◆ **REQUIRED ACTION**
Taking the records below, count the lines in which "forall" appears and supply only the count.

(Dataset entries)
definition span_equiv :: "('o,'m) cat \<Rightarrow> 'o \<Rightarrow> 'o \<Rightarrow> ('o,'m) span \<Rightarrow> ('o,'m) span \<Rightarrow> bool" where
  "span_equiv C M M' = (\<lambda>s t. valid_span C M M' s \<and> valid_span C M M' t \<and>
                                (span_step C s t \<or> span_step C t s))\<^sup>*\<^sup>*"

definition span_class :: "('o,'m) cat \<Rightarrow> 'o \<Rightarrow> 'o \<Rightarrow> ('o,'m) span \<Rightarrow> ('o,'m) span set" where
  "span_class C M M' s = {t. valid_span C M M' t \<and> span_equiv C M M' s t}"

text \<open>Morphisms M -> M' of Q~A: equivalence classes of valid spans.\<close>
definition Qhom :: "('o,'m) cat \<Rightarrow> 'o \<Rightarrow> 'o \<Rightarrow> ('o,'m) span set set" where
  "Qhom C M M' = {span_class C M M' s | s. valid_span C M M' s}"

definition is_pullback :: "('o,'m) cat \<Rightarrow> 'm \<Rightarrow> 'm \<Rightarrow> 'o \<Rightarrow> 'm \<Rightarrow> 'm \<Rightarrow> bool" where
  "is_pullback C f g P a b \<longleftrightarrow> P \<in> Obj C \<and> a \<in> hom C P (Dom C f) \<and> b \<in> hom C P (Dom C g) \<and>
     Comp C f a = Comp C g b \<and>
     (\<forall>X\<in>Obj C. \<forall>a'\<in>hom C X (Dom C f). \<forall>b'\<in>hom C X (Dom C g). Comp C f a' = Comp C g b' \<longrightarrow>
        (\<exists>!u. u \<in> hom C X P \<and> Comp C a u = a' \<and> Comp C b u = b'))"

definition span_comps :: "('o,'m) cat \<Rightarrow> ('o,'m) span \<Rightarrow> ('o,'m) span \<Rightarrow> ('o,'m) span set" where
  "span_comps C s t = (case s of (N, p, i) \<Rightarrow> case t of (K, q, k) \<Rightarrow>
     {(P, Comp C p a, Comp C k b) | P a b. is_pullback C i q P a b})"

text \<open>Composition in Q~A of G : M' -> M'' after F : M -> M'.\<close>
definition Qcomp :: "('o,'m) cat \<Rightarrow> 'o \<Rightarrow> 'o \<Rightarrow> 'o \<Rightarrow> ('o,'m) span set \<Rightarrow> ('o,'m) span set \<Rightarrow> ('o,'m) span set" where
  "Qcomp C M M' M'' G F =
     {u. \<exists>f\<in>F. \<exists>g\<in>G. \<exists>s\<in>span_comps C f g. u \<in> span_class C M M'' s}"

definition Q_filtered :: "('o,'m) cat \<Rightarrow> bool" where
  "Q_filtered C \<longleftrightarrow> Obj C \<noteq> {} \<and>
     (\<forall>X\<in>Obj C. \<forall>Y\<in>Obj C. \<exists>Z\<in>Obj C. Qhom C X Z \<noteq> {} \<and> Qhom C Y Z \<noteq> {}) \<and>
     (\<forall>X\<in>Obj C. \<forall>Y\<in>Obj C. \<forall>F\<in>Qhom C X Y. \<forall>G\<in>Qhom C X Y.
        \<exists>Z\<in>Obj C. \<exists>H\<in>Qhom C Y Z. Qcomp C X Y Z H F = Qcomp C X Y Z H G)"

end

theory Submission
  imports Defs
begin

text \<open>Given objects X and Y, let Z = Y \<times> X with its split-mono injections e1 : Y \<rightarrow> Z and
  e2 : X \<rightarrow> Z. Then H = [Y, Id, e1] : Y \<rightarrow> Z absorbs every morphism F = [N, p, i] : X \<rightarrow> Y
  of Q~A: the composite H \<circ> F is represented by (N, p, e1 \<cdot> i), and with M = N \<times> X and
  m = i \<times> Id : M \<rightarrow> Y \<times> X this span is linked to (X, Id, e2) through the spans
  (M, p \<cdot> r1, m) and (M, r2, m), which share the subspan (N, p, m \<cdot> (Id, p)).
  Hence H \<circ> F = [X, Id, e2] for all F, which gives both filteredness conditions at once.
  The abelian structure enters through composition: pullbacks along monos exist and
  pull epis back to epis, so composition of spans is well defined on equivalence classes.\<close>

locale category_context =
  fixes C :: "('o,'m) cat"
  assumes category: "category C"
begin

◆ **WRITTEN REPLY**
3